AnarchX · Jan 24, 2016

Also the 64 Byte of QDR could be a problem for current NV-GPUs, according to this article: http://monitorinsider.com/GDDR5X.html?hmsr=toutiao.io&utm_medium=toutiao.io&utm_source=toutiao.io

But GDDR5X is a nice interim solution for 2016/2017, until HBM2 goes large scale. You could build some crazy 6GiB - 256-Bit - 384GB/s - ~250mm² performance GPUs, catching up with the 28nm high-end ones.

Ryan Smith · Jan 25, 2016

AnarchX said:
Also the 64 Byte of QDR could be a problem for current NV-GPUs, according to this article: http://monitorinsider.com/GDDR5X.html?hmsr=toutiao.io&utm_medium=toutiao.io&utm_source=toutiao.io

Humm, very interesting. I don't see an author; did you write that AnarchX?

RecessionCone · Jan 25, 2016

Ryan Smith said:
Humm, very interesting. I don't see an author; did you write that AnarchX?

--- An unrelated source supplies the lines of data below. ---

lemma admissible_split_expansion:
  assumes "1 \<le> k" "0 \<le> L"
    and "\<And>i. \<forall>x\<in>#SL i. admissible_term n l m (real i * L + 1) x"
    and "\<And>j. \<forall>y\<in>#SR j. admissible_term n m r (real j * L + 1) y"
  shows "\<forall>x\<in>#split_expansion k SL SR. admissible_term n l r (real k * (L + 1) + 1) x"
proof -
  have "real k * L + 2 \<le> real k * (L + 1) + 1" "real (k - 1) * L + 2 \<le> real k * (L + 1) + 1"
    using assms(1,2) by (simp_all add: of_nat_diff algebra_simps mult_left_mono)
  with admissible_convolution[OF assms(3,4)]
  have "\<forall>x\<in>#convolution k SL SR. admissible_term n l r (real k * (L + 1) + 1) x"
    "\<forall>x\<in>#convolution (k - 1) SL SR. admissible_term n l r (real k * (L + 1) + 1) x"
    by (metis admissible_term_mono)+
  then show ?thesis
    unfolding split_expansion_def using admissible_negate_terms by (metis union_iff)
qed

definition signed_expansion :: "(nat \<Rightarrow> 'w::finite rmat) \<Rightarrow> (nat \<Rightarrow> nat \<Rightarrow> 'w rmat) \<Rightarrow> nat
                                  \<Rightarrow> nat \<Rightarrow> nat \<Rightarrow> nat \<Rightarrow> (nat list \<times> int) multiset \<Rightarrow> bool" where
  "signed_expansion M M0 n k l r S \<longleftrightarrow> Mk M M0 k l r = signed_sum M M0 S
     \<and> real (size S) \<le> real (r - l) ^ (2 * k)
     \<and> (\<forall>x\<in>#S. admissible_term n l r (real k * log 2 (real (r - l)) + 1) x)"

Because NV GPUs can access memory in transactions as small as 32B, they can have better performance on applications with gather or scatter memory access patterns. For example, sorting. Making the memory access atom larger harms performance on these applications because the processor has to fetch extra data that is then unused.

In general, smaller memory access granularity is better but also more work to implement (and can cause overheads in the case where memory accesses are very regular).

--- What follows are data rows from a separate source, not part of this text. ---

(* Let $U,T,S\subseteq\mathbb{Z}_{>0}$ be finite with $U\preceq T\preceq S$. Assume there is $x\notin T$ with $|U_{<x}|=|T_{<x}|$, and assume there exists $y\in T_{<x}$ such that $(T\cup\{x\})\setminus\{y\}\preceq S$; let $y$ be the smallest such element. Then for every $S'\subseteq S$, $$U\triangleleft(T\triangleleft S')=U\triangleleft\big(((T\cup\{x\})\setminus\{y\})\triangleleft S'\big),$$ and consequently $U\triangleleft T=U\triangleleft((T\cup\{x\})\setminus\{y\})$.
   Context: For a finite set $S\subseteq\mathbb{Z}_{>0}$, $S(i)$ denotes its $i$th smallest element and $S_{<x}=\{s\in S:s<x\}$. $T\preceq S$ means $|T|\ge|S|$ and $T(i)<S(i)$ for all $i\in[|S|]$; $U\preceq T\preceq S$ means $U\preceq T$ and $T\preceq S$. For finite $S,T$, $T\triangleleft S$ is computed by going through $S$ from largest to smallest; each $s$ picks the largest element of $T$ less than $s$ not yet picked (if one exists); $T\triangleleft S$ is the set of picked elements. *)

theory Defs
  imports Main
begin

(* S(i): the i-th smallest element (1-indexed) of a finite set S of naturals *)
definition nth_el :: "nat set \<Rightarrow> nat \<Rightarrow> nat" where
  "nth_el S i = sorted_list_of_set S ! (i - 1)"

definition below :: "nat set \<Rightarrow> nat \<Rightarrow> nat set" where
  "below S x = {s \<in> S. s < x}"

definition prec :: "nat set \<Rightarrow> nat set \<Rightarrow> bool" where
  "prec T S \<longleftrightarrow> card T \<ge> card S \<and> (\<forall>i\<in>{1..card S}. nth_el T i < nth_el S i)"

definition pick_step :: "nat set \<Rightarrow> nat \<Rightarrow> nat set \<Rightarrow> nat set" where
  "pick_step T s P =
     (if \<exists>t\<in>T - P. t < s then insert (Max {t \<in> T - P. t < s}) P else P)"

definition tri :: "nat set \<Rightarrow> nat set \<Rightarrow> nat set" where
  "tri T S = fold (pick_step T) (rev (sorted_list_of_set S)) {}"

end

theory Submission
  imports Defs
begin

(* An induction along the order in which \<triangleleft> processes A shows
   that T \<triangleleft> A consists of those t \<in> T for which some window (t, m] contains at least as
   many elements of A as [t, m) contains elements of T.

   With this description, exchanging y for x in T changes T \<triangleleft> S' either not at all or by
   exchanging a single b < x for x, where all elements of T strictly between b and x are
   picked.  This needs y to be tight for S, i.e. |T_{<y}| \<le> |S_{\<le>y}|, which follows from the
   minimality of y: otherwise the largest element of T below y could be exchanged for x instead.

   Finally, U \<preceq> T and |U_{<x}| = |T_{<x}| give |U \<inter> [v, x)| \<le> |T \<inter> (v, x)| for all v, and
   under this bound U \<triangleleft> B does not change when some b \<in> B is exchanged for x, provided B
   contains all elements of T between b and x.  This is applied to B = T \<triangleleft> S' and to
   B = T, b = y. *)

section \<open>Ranks and the order \<preceq>\<close>

definition rank :: "nat set \<Rightarrow> nat \<Rightarrow> int" where
  "rank X v = int (card (below X v))"

lemma sorted_nth_less_iff_card_below:
  assumes "finite X" "i < card X"
  shows "sorted_list_of_set X ! i < v \<longleftrightarrow> i < card (below X v)"
proof -
  let ?xs = "sorted_list_of_set X"
  have len: "length ?xs = card X" and set: "set ?xs = X" and sorted: "sorted ?xs"
    and dist: "distinct ?xs" using assms(1) by simp_all
  have card_take: "card (set (take k ?xs)) = k" if "k \<le> card X" for k
    using that dist len by (simp add: distinct_card)
  show ?thesis
  proof
    assume less: "?xs ! i < v"
    have "set (take (Suc i) ?xs) \<subseteq> below X v"
    proof
      fix z assume "z \<in> set (take (Suc i) ?xs)"
      then obtain j where "j < length (take (Suc i) ?xs)" "z = take (Suc i) ?xs ! j"
        by (metis in_set_conv_nth)
      then have "j \<le> i" "z = ?xs ! j" by simp_all
      moreover have "?xs ! j \<le> ?xs ! i"
        using sorted_nth_mono[OF sorted] \<open>j \<le> i\<close> assms(2) len by simp
      moreover have "?xs ! j \<in> X"
        using nth_mem[of j ?xs] \<open>j \<le> i\<close> assms(2) len set by simp
      ultimately show "z \<in> below X v" using less by (simp add: below_def)
    qed
    then have "card (set (take (Suc i) ?xs)) \<le> card (below X v)"
      using assms(1) by (intro card_mono) (auto simp: below_def)
    then show "i < card (below X v)" using card_take[of "Suc i"] assms(2) by simp
  next
    assume card: "i < card (below X v)"
    show "?xs ! i < v"
    proof (rule ccontr)
      assume ge: "\<not> ?xs ! i < v"
      have "below X v \<subseteq> set (take i ?xs)"
      proof
        fix z assume "z \<in> below X v"
        then have "z \<in> set ?xs" "z < ?xs ! i" using set ge by (auto simp: below_def)
        then obtain j where "j < card X" "z = ?xs ! j" "z < ?xs ! i"
          using len by (metis in_set_conv_nth)
        moreover have "j < i"
          using sorted_nth_mono[OF sorted, of i j] calculation len by (metis leI leD)
        ultimately show "z \<in> set (take i ?xs)"
          using nth_mem[of j "take i ?xs"] len by simp
      qed
      then have "card (below X v) \<le> i"
        using card_mono[OF finite_set] card_take[of i] assms(2) by fastforce
      then show False using card by simp
    qed
  qed
qed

It would be easy for NV to move to 64B accesses, but it will harm NV performance on certain applications, since it is a worse match for some applications.

AnarchX · Jan 25, 2016

Ryan Smith said:
Humm, very interesting. I don't see an author; did you write that AnarchX?

No, just found it.

When you read deeper, there also solution for the "64 byte" problem, which could NV choose.

Deleted member 13524 · Jan 26, 2016

Erm.. this might come as a newb question, but if GDDR5X changed so much from the old GDDR5, why didn't they change the per-chip pathway to 64bit?
Given the increased memory densities, IHVs/OEMs are more likely to be forced to use more chips to reach a desired bandwidth.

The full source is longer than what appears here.